**Task item:** An exact transcription of the data below is needed.

**Available records:**
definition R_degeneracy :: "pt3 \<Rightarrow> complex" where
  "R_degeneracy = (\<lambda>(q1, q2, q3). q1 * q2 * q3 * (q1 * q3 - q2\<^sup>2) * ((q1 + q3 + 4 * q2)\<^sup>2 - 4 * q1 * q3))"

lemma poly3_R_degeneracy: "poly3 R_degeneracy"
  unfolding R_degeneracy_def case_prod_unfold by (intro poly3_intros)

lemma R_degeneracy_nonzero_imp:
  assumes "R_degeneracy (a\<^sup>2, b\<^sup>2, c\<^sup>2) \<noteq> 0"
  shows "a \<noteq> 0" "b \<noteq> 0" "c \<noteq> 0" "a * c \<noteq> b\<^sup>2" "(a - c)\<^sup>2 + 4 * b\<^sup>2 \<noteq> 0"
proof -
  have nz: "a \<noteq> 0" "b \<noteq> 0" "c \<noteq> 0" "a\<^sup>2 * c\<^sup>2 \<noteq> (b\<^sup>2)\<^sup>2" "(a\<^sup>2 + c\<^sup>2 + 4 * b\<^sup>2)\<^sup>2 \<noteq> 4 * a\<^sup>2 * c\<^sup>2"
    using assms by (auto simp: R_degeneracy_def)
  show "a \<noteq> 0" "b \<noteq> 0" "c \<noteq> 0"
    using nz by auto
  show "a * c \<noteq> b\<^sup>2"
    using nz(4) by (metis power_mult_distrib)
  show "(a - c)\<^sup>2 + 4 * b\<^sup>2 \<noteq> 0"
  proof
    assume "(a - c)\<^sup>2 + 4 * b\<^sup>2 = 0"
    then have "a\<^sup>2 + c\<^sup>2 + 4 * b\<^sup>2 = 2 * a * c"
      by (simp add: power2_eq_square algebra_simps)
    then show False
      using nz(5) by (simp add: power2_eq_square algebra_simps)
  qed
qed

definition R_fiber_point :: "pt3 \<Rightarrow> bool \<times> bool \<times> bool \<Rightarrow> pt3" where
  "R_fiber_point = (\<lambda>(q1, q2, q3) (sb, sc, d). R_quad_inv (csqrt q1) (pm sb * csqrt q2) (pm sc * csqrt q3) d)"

**Exercise output:**
definition R_degeneracy :: "pt3 \<Rightarrow> complex" where
  "R_degeneracy = (\<lambda>(q1, q2, q3). q1 * q2 * q3 * (q1 * q3 - q2\<^sup>2) * ((q1 + q3 + 4 * q2)\<^sup>2 - 4 * q1 * q3))"

lemma poly3_R_degeneracy: "poly3 R_degeneracy"
  unfolding R_degeneracy_def case_prod_unfold by (intro poly3_intros)

lemma R_degeneracy_nonzero_imp:
  assumes "R_degeneracy (a\<^sup>2, b\<^sup>2, c\<^sup>2) \<noteq> 0"
  shows "a \<noteq> 0" "b \<noteq> 0" "c \<noteq> 0" "a * c \<noteq> b\<^sup>2" "(a - c)\<^sup>2 + 4 * b\<^sup>2 \<noteq> 0"
proof -
  have nz: "a \<noteq> 0" "b \<noteq> 0" "c \<noteq> 0" "a\<^sup>2 * c\<^sup>2 \<noteq> (b\<^sup>2)\<^sup>2" "(a\<^sup>2 + c\<^sup>2 + 4 * b\<^sup>2)\<^sup>2 \<noteq> 4 * a\<^sup>2 * c\<^sup>2"
    using assms by (auto simp: R_degeneracy_def)
  show "a \<noteq> 0" "b \<noteq> 0" "c \<noteq> 0"
    using nz by auto
  show "a * c \<noteq> b\<^sup>2"
    using nz(4) by (metis power_mult_distrib)
  show "(a - c)\<^sup>2 + 4 * b\<^sup>2 \<noteq> 0"
  proof
    assume "(a - c)\<^sup>2 + 4 * b\<^sup>2 = 0"
    then have "a\<^sup>2 + c\<^sup>2 + 4 * b\<^sup>2 = 2 * a * c"
      by (simp add: power2_eq_square algebra_simps)
    then show False
      using nz(5) by (simp add: power2_eq_square algebra_simps)
  qed
qed

definition R_fiber_point :: "pt3 \<Rightarrow> bool \<times> bool \<times> bool \<Rightarrow> pt3" where
  "R_fiber_point = (\<lambda>(q1, q2, q3) (sb, sc, d). R_quad_inv (csqrt q1) (pm sb * csqrt q2) (pm sc * csqrt q3) d)"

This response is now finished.